Оля опять отошла от Тани и больше к ней не вернулась. К Тане брат вернулся из тюрьмы, стоял красивый, взрослый мальчик у двери, курил хмуро. Тайна появилась. Исподлобья. Здороваться было не принято. Красивые были дети. Угрюмые. У них была тайна, но больше к ним не хотелось.
Блеск смыло ветром, и оно засветилось самим собой, своими запасами, из кромешной пучины себя подымало вверх, померцало. Потом опять на него полили солнышка. Слюдяной пленкой затянули до следующей тучки. На молу был человек — ниже всех людей, кроме детей, он был ближе всех к морю и, странно, к небу. Тот человек каждый день измерял длину моря до неба воспаленными злыми глазами.

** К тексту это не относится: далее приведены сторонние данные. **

inductive_set Iid :: "('k::field \<Rightarrow> 'v \<Rightarrow> 'v::ab_group_add) \<Rightarrow> ('v, 'k) fv set"
  for sv :: "'k \<Rightarrow> 'v \<Rightarrow> 'v" where
  Iid_gen: "f \<in> relgens sv \<Longrightarrow> f \<in> Iid sv"
| Iid_zero: "0 \<in> Iid sv"
| Iid_add: "f \<in> Iid sv \<Longrightarrow> h \<in> Iid sv \<Longrightarrow> f + h \<in> Iid sv"
| Iid_smul: "f \<in> Iid sv \<Longrightarrow> smul c f \<in> Iid sv"
| Iid_brl: "f \<in> Iid sv \<Longrightarrow> brF (dl p) f \<in> Iid sv"
| Iid_brr: "f \<in> Iid sv \<Longrightarrow> brF f (dl p) \<in> Iid sv"

fun actTree :: "('g \<Rightarrow> 'v \<Rightarrow> 'v) \<Rightarrow> 'g \<Rightarrow> 'v ltree \<Rightarrow> ('v, 'k::field) fv" where
  "actTree act a (Leaf x) = dl (Leaf (act a x))"
| "actTree act a (Node s t) = brF (actTree act a s) (dl t) + brF (dl s) (actTree act a t)"

definition actF :: "('g \<Rightarrow> 'v \<Rightarrow> 'v) \<Rightarrow> 'g \<Rightarrow> ('v, 'k::field) fv \<Rightarrow> ('v, 'k) fv" where
  "actF act a f = (\<Sum>t\<in>{t. f t \<noteq> 0}. smul (f t) (actTree act a t))"

text \<open>The map F_{-2} = S^2(V) -> V, [u,v] = u.v |-> {u,v}, on representatives.\<close>
fun phiT :: "('k::field \<Rightarrow> 'v \<Rightarrow> 'v::ab_group_add) \<Rightarrow> ('v \<Rightarrow> 'v \<Rightarrow> 'v) \<Rightarrow> 'v ltree \<Rightarrow> 'v" where
  "phiT sv circ (Node (Leaf u) (Leaf v)) = symprod sv circ u v"
| "phiT sv circ _ = 0"

definition Phi :: "('k::field \<Rightarrow> 'v \<Rightarrow> 'v::ab_group_add) \<Rightarrow> ('v \<Rightarrow> 'v \<Rightarrow> 'v) \<Rightarrow> ('v, 'k) fv \<Rightarrow> 'v" where
  "Phi sv circ f = (\<Sum>t\<in>{t. f t \<noteq> 0}. sv (f t) (phiT sv circ t))"

text \<open>Lift to F-tilde_{-2} of K = K_{-2}: the largest g-submodule of F_{-2} contained in the
  kernel of x.y |-> {x,y}; submodules of F_{-2} are represented by subspaces of
  F-tilde_{-2} containing the relations of degree 2.\<close>
definition K2set :: "('k::field \<Rightarrow> 'v \<Rightarrow> 'v::ab_group_add) \<Rightarrow> ('g \<Rightarrow> 'v \<Rightarrow> 'v) \<Rightarrow> ('v \<Rightarrow> 'v \<Rightarrow> 'v) \<Rightarrow> ('v, 'k) fv set" where
  "K2set sv act circ = \<Union>{M. M \<subseteq> FT 2 \<and> Iid sv \<inter> FT 2 \<subseteq> M \<and> gspan 0 (+) smul M = M
       \<and> (\<forall>a. \<forall>m\<in>M. actF act a m \<in> M) \<and> (\<forall>m\<in>M. Phi sv circ m = 0)}"

text \<open>Lifts of K_{-i} = sum_{j=1}^{i-2} [F_{-j}, K_{-i+j}] (i >= 3), together with the relations.\<close>
inductive KK :: "('v, 'k::field) fv set \<Rightarrow> ('v, 'k) fv set \<Rightarrow> nat \<Rightarrow> ('v, 'k) fv \<Rightarrow> bool"
  for K2 :: "('v, 'k) fv set" and I :: "('v, 'k) fv set" where
  KK_two: "f \<in> K2 \<Longrightarrow> KK K2 I 2 f"
| KK_rel: "3 \<le> i \<Longrightarrow> f \<in> I \<Longrightarrow> f \<in> FT i \<Longrightarrow> KK K2 I i f"
| KK_br: "3 \<le> i \<Longrightarrow> 1 \<le> j \<Longrightarrow> j + 2 \<le> i \<Longrightarrow> p \<in> FT j \<Longrightarrow> KK K2 I (i - j) q \<Longrightarrow> KK K2 I i (brF p q)"
| KK_add: "3 \<le> i \<Longrightarrow> KK K2 I i f \<Longrightarrow> KK K2 I i h \<Longrightarrow> KK K2 I i (f + h)"
| KK_smul: "3 \<le> i \<Longrightarrow> KK K2 I i f \<Longrightarrow> KK K2 I i (smul c f)"

text \<open>Kernel of F-tilde_{-i} -> T_{-i}.\<close>
definition Ndeg :: "('k::field \<Rightarrow> 'v \<Rightarrow> 'v::ab_group_add) \<Rightarrow> ('g \<Rightarrow> 'v \<Rightarrow> 'v) \<Rightarrow> ('v \<Rightarrow> 'v \<Rightarrow> 'v) \<Rightarrow> nat \<Rightarrow> ('v, 'k) fv set" where
  "Ndeg sv act circ i =
     (if 2 \<le> i then {f. KK (K2set sv act circ) (Iid sv) i f} else Iid sv \<inter> FT i)"

text \<open>Total kernel of F-tilde -> T_{<=-1}.\<close>
definition Ntot :: "('k::field \<Rightarrow> 'v \<Rightarrow> 'v::ab_group_add) \<Rightarrow> ('g \<Rightarrow> 'v \<Rightarrow> 'v) \<Rightarrow> ('v \<Rightarrow> 'v \<Rightarrow> 'v) \<Rightarrow> ('v, 'k) fv set" where
  "Ntot sv act circ = gspan 0 (+) smul (\<Union>i. Ndeg sv act circ i)"

section \<open>The graded Lie algebra T_{<=-1} = F / K (elements are cosets)\<close>

definition cls :: "('v, 'k::field) fv set \<Rightarrow> ('v, 'k) fv \<Rightarrow> ('v, 'k) fv set" where
  "cls N f = {h. h - f \<in> N}"

definition rep :: "('v, 'k) fv set \<Rightarrow> ('v, 'k) fv" where
  "rep X = (SOME f. f \<in> X)"

definition Tsp :: "('v, 'k::field) fv set \<Rightarrow> nat \<Rightarrow> ('v, 'k) fv set set" where
  "Tsp N i = cls N ` FT i"

definition addT :: "('v, 'k::field) fv set \<Rightarrow> ('v, 'k) fv set \<Rightarrow> ('v, 'k) fv set \<Rightarrow> ('v, 'k) fv set" where
  "addT N X Y = cls N (rep X + rep Y)"

definition smulT :: "('v, 'k::field) fv set \<Rightarrow> 'k \<Rightarrow> ('v, 'k) fv set \<Rightarrow> ('v, 'k) fv set" where
  "smulT N c X = cls N (smul c (rep X))"

definition brT :: "('v, 'k::field) fv set \<Rightarrow> ('v, 'k) fv set \<Rightarrow> ('v, 'k) fv set \<Rightarrow> ('v, 'k) fv set" where
  "brT N X Y = cls N (brF (rep X) (rep Y))"

definition actT :: "('g \<Rightarrow> 'v \<Rightarrow> 'v) \<Rightarrow> ('v, 'k::field) fv set \<Rightarrow> 'g \<Rightarrow> ('v, 'k) fv set \<Rightarrow> ('v, 'k) fv set" where
  "actT act N a X = cls N (actF act a (rep X))"

definition iotaT :: "('v, 'k::field) fv set \<Rightarrow> 'v \<Rightarrow> ('v, 'k) fv set" where
  "iotaT N x = cls N (dl (Leaf x))"

section \<open>Hom(T_{-i-1}, T_{-i}) as a g-module; maps are normalised to the zero class
  outside T_{-i-1}\<close>

definition hext :: "('v, 'k::field) fv set \<Rightarrow> nat \<Rightarrow> (('v, 'k) fv set \<Rightarrow> ('v, 'k) fv set) \<Rightarrow> (('v, 'k) fv set \<Rightarrow> ('v, 'k) fv set)" where
  "hext N i phi = (\<lambda>X. if X \<in> Tsp N (i + 1) then phi X else N)"

definition hzero :: "('v, 'k::field) fv set \<Rightarrow> (('v, 'k) fv set \<Rightarrow> ('v, 'k) fv set)" where
  "hzero N = (\<lambda>X. N)"

definition hadd :: "('v, 'k::field) fv set \<Rightarrow> nat \<Rightarrow> (('v, 'k) fv set \<Rightarrow> ('v, 'k) fv set) \<Rightarrow> (('v, 'k) fv set \<Rightarrow> ('v, 'k) fv set) \<Rightarrow> (('v, 'k) fv set \<Rightarrow> ('v, 'k) fv set)" where
  "hadd N i phi psi = hext N i (\<lambda>X. addT N (phi X) (psi X))"

definition hsmul :: "('v, 'k::field) fv set \<Rightarrow> nat \<Rightarrow> 'k \<Rightarrow> (('v, 'k) fv set \<Rightarrow> ('v, 'k) fv set) \<Rightarrow> (('v, 'k) fv set \<Rightarrow> ('v, 'k) fv set)" where
  "hsmul N i c phi = hext N i (\<lambda>X. smulT N c (phi X))"

definition hact :: "('g \<Rightarrow> 'v \<Rightarrow> 'v) \<Rightarrow> ('v, 'k::field) fv set \<Rightarrow> nat \<Rightarrow> 'g \<Rightarrow> (('v, 'k) fv set \<Rightarrow> ('v, 'k) fv set) \<Rightarrow> (('v, 'k) fv set \<Rightarrow> ('v, 'k) fv set)" where
  "hact act N i a phi = hext N i (\<lambda>X. addT N (actT act N a (phi X)) (smulT N (-1) (phi (actT act N a X))))"

definition Rcyc :: "('g \<Rightarrow> 'v \<Rightarrow> 'v) \<Rightarrow> ('v, 'k::field) fv set \<Rightarrow> nat \<Rightarrow> (('v, 'k) fv set \<Rightarrow> ('v, 'k) fv set) \<Rightarrow> (('v, 'k) fv set \<Rightarrow> ('v, 'k) fv set) set" where
  "Rcyc act N i phi = gspan (hzero N) (hadd N i) (hsmul N i) {foldr (hact act N i) as phi | as. True}"

definition linear_T :: "('v, 'k::field) fv set \<Rightarrow> nat \<Rightarrow> (('v, 'k) fv set \<Rightarrow> ('v, 'k) fv set) \<Rightarrow> bool" where
  "linear_T N i phi \<longleftrightarrow> (\<forall>X\<in>Tsp N (i + 1). phi X \<in> Tsp N i)
     \<and> (\<forall>X\<in>Tsp N (i + 1). \<forall>Y\<in>Tsp N (i + 1). phi (addT N X Y) = addT N (phi X) (phi Y))
     \<and> (\<forall>c. \<forall>X\<in>Tsp N (i + 1). phi (smulT N c X) = smulT N c (phi X))"

text \<open>D i stands for partial_{-i} : T_{-i-1} -> T_{-i}, i >= 1.\<close>
definition is_LL_differential ::
  "('k::field_char_0 \<Rightarrow> 'v \<Rightarrow> 'v::ab_group_add) \<Rightarrow> ('g \<Rightarrow> 'v \<Rightarrow> 'v) \<Rightarrow> ('v \<Rightarrow> 'v \<Rightarrow> 'v) \<Rightarrow> ('v \<Rightarrow> 'g) \<Rightarrow>
   (nat \<Rightarrow> ('v, 'k) fv set \<Rightarrow> ('v, 'k) fv set) \<Rightarrow> bool" where
  "is_LL_differential sv act circ Theta D \<longleftrightarrow>
     (let N = Ntot sv act circ in
       (\<forall>i\<ge>1. linear_T N i (D i))
     \<and> (\<forall>i\<ge>1. \<forall>a\<in>range Theta. \<forall>X\<in>Tsp N (i + 1). D i (actT act N a X) = actT act N a (D i X))
     \<and> (\<forall>u v. D 1 (brT N (iotaT N u) (iotaT N v)) = iotaT N (sv 2 (symprod sv circ u v)))
     \<and> (\<forall>u. \<forall>i\<ge>2. \<forall>X\<in>Tsp N i.
          D i (brT N (iotaT N u) X)
            = addT N (actT act N (Theta u) X) (smulT N (-1) (brT N (iotaT N u) (D (i - 1) X))))
     \<and> (\<forall>i\<ge>2. \<forall>j\<ge>2. \<forall>X\<in>Tsp N i. \<forall>Y\<in>Tsp N j.
          D (i + j - 1) (brT N X Y)
            = addT N (brT N (D (i - 1) X) Y) (smulT N ((-1) ^ i) (brT N X (D (j - 1) Y)))))"

end

theory Submission
  imports Defs
begin

(* For an arbitrary linear map Xi : V -> g, the identities characterising the differential can be
   read as a recursive definition on the trees spanning the free algebra F, with Theta replaced by
   Xi; extended linearly this gives maps d_Xi : F_{-i-1} -> F_{-i}. Modulo the kernel N of
   F -> T_{<=-1}, d_Xi is linear in Xi, and d_{a.Xi} = a.d_Xi - d_Xi(a._), because g acts on F by
   derivations and V is a g-module. Since d_Theta induces the differential on T, it maps N into N,
   and this property propagates along the generators of R_Theta. Hence mu_{-i}(Xi), the map
   induced by d_Xi on T_{-i-1}, is well defined on R_Theta; it is a g-module morphism sending
   Theta to the differential, so it maps the cyclic module R_Theta onto the cyclic module
   generated by the differential. *)

definition fin_supp :: "('v, 'k::zero) fv \<Rightarrow> bool" where
  "fin_supp f \<longleftrightarrow> finite {t. f t \<noteq> 0}"

definition lin_ext :: "('k \<Rightarrow> 'a \<Rightarrow> 'a::ab_group_add) \<Rightarrow> ('v ltree \<Rightarrow> 'a) \<Rightarrow> ('v, 'k::zero) fv \<Rightarrow> 'a" where
  "lin_ext scale T f = (\<Sum>t\<in>{t. f t \<noteq> 0}. scale (f t) (T t))"
(* Let $X\in\mathbb{R}^{N\times D}$ with rows $x_n^\top$ have SVD $X^\top=U\mathrm{diag}(\lambda)V^\top+\bar U\mathrm{diag}(\bar\lambda)\bar V^\top$ where $U\in\mathbb{R}^{D\times M}$ holds the top-$M$ right singular vectors, $[U,\bar U]$ is orthogonal, $\lambda_1$ is the largest singular value and $\bar\lambda_1$ the $(M+1)$-st largest singular value (zero if none). Let $\phi(y,a)$ be twice differentiable in $a$, let $p(\beta)$ be a twice differentiable prior, and consider the exact posterior $\log p(\beta\mid X,Y)=\log p(\beta)+\sum_n\phi(y_n,x_n^\top\beta)+\mathrm{const}$ and the approximate posterior $\log\tilde p(\beta\mid X,Y)=\log p(\beta)+\sum_n\phi(y_n,x_n^\top UU^\top\beta)+\mathrm{const}$, with maximizers $\bar\mu$ and $\hat\mu$ respectively. Assume $-\log p(\beta\mid X,Y)$ is $\alpha$-strongly convex ($\alpha>0$). Then there is $A\in\mathbb{R}^N$ with each $A_n$ lying between $x_n^\top UU^\top\hat\mu$ and $x_n^\top\hat\mu$ such that $$\|\hat\mu-\bar\mu\|_2\le\frac{\bar\lambda_1\big(\|\vec\phi'(Y,X\hat\mu)\|_2+\lambda_1\|\bar U^\top\hat\mu\|_2\,\|\vec\phi''(Y,A)\|_\infty\big)}{\alpha}.$$
   Context: For $B\in\mathbb{R}^N$, $\vec\phi'(Y,B)$ and $\vec\phi''(Y,B)$ are the vectors with entries $\frac{\partial}{\partial a}\phi(y_n,a)|_{a=B_n}$ and $\frac{\partial^2}{\partial a^2}\phi(y_n,a)|_{a=B_n}$. *)

theory Defs
  imports "HOL-Analysis.Analysis"
begin

definition strongly_convex :: "real \<Rightarrow> ('a::real_normed_vector \<Rightarrow> real) \<Rightarrow> bool" where
  "strongly_convex \<alpha> F \<longleftrightarrow>
     (\<forall>x y. \<forall>t::real. 0 \<le> t \<longrightarrow> t \<le> 1 \<longrightarrow>
        F (t *\<^sub>R x + (1 - t) *\<^sub>R y)
          \<le> t * F x + (1 - t) * F y - \<alpha> / 2 * t * (1 - t) * (norm (x - y))\<^sup>2)"

text \<open>Singular value decomposition of the data matrix X (N rows x n, n < N, in R^D, D = CARD('d)):
  X^T = sum over j < D of s_j w_j v_j^T, with (w_j) an orthonormal basis of R^D (the matrix [U, Ubar]),
  singular values s_j nonnegative and sorted decreasingly, and the left vectors v_j in R^N orthonormal
  (those belonging to nonzero singular values; the others do not contribute).\<close>
definition svd_decomp ::
  "nat \<Rightarrow> (nat \<Rightarrow> real^'d) \<Rightarrow> (nat \<Rightarrow> real) \<Rightarrow> (nat \<Rightarrow> real^'d) \<Rightarrow> (nat \<Rightarrow> nat \<Rightarrow> real) \<Rightarrow> bool" where
  "svd_decomp N x s w v \<longleftrightarrow>
     (\<forall>j<CARD('d). \<forall>k<CARD('d). w j \<bullet> w k = (if j = k then 1 else 0)) \<and>
     (\<forall>j<CARD('d). 0 \<le> s j) \<and>
     (\<forall>j k. j \<le> k \<longrightarrow> k < CARD('d) \<longrightarrow> s k \<le> s j) \<and>
     (\<forall>j<CARD('d). \<forall>k<CARD('d). 0 < s j \<longrightarrow> 0 < s k \<longrightarrow>
         (\<Sum>n<N. v j n * v k n) = (if j = k then 1 else 0)) \<and>
     (\<forall>n<N. x n = (\<Sum>j<CARD('d). (s j * v j n) *\<^sub>R w j))"

text \<open>U U^T beta, where U = [w_0,...,w_{M-1}].\<close>
definition proj_top :: "nat \<Rightarrow> (nat \<Rightarrow> real^'d) \<Rightarrow> real^'d \<Rightarrow> real^'d" where
  "proj_top M w \<beta> = (\<Sum>j<M. (w j \<bullet> \<beta>) *\<^sub>R w j)"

Однажды он как бы присел на корточки от страха жизни и больше не смог выпрямиться. Он не мог жить с людьми в таком виде, и он стал тягаться с морем упорным дыханием своей груди. Морю не нужны ноги, и оно не может уйти. А человек, даже без ног, каждый день приползает на мол на своем деревянном устройстве и дышит горячим сипящим дыханием над морем. Море похоже на полет. Теперь, когда человек этот стал меньше всех, кроме детей, его глаза разбиваются о чужие ноги, о грязь земного асфальта, о мелкие камни и потеки на стенах. Но дети растут, и для них во всем нижнем мире разбросано много игр, а этому взрослому, тяжелому полчеловеку нечего видеть здесь. И он уползает к морю, чтоб глядеть, пока не защиплет глаза, пока не увидится, — оно легче неба. Да, в этом можно летать.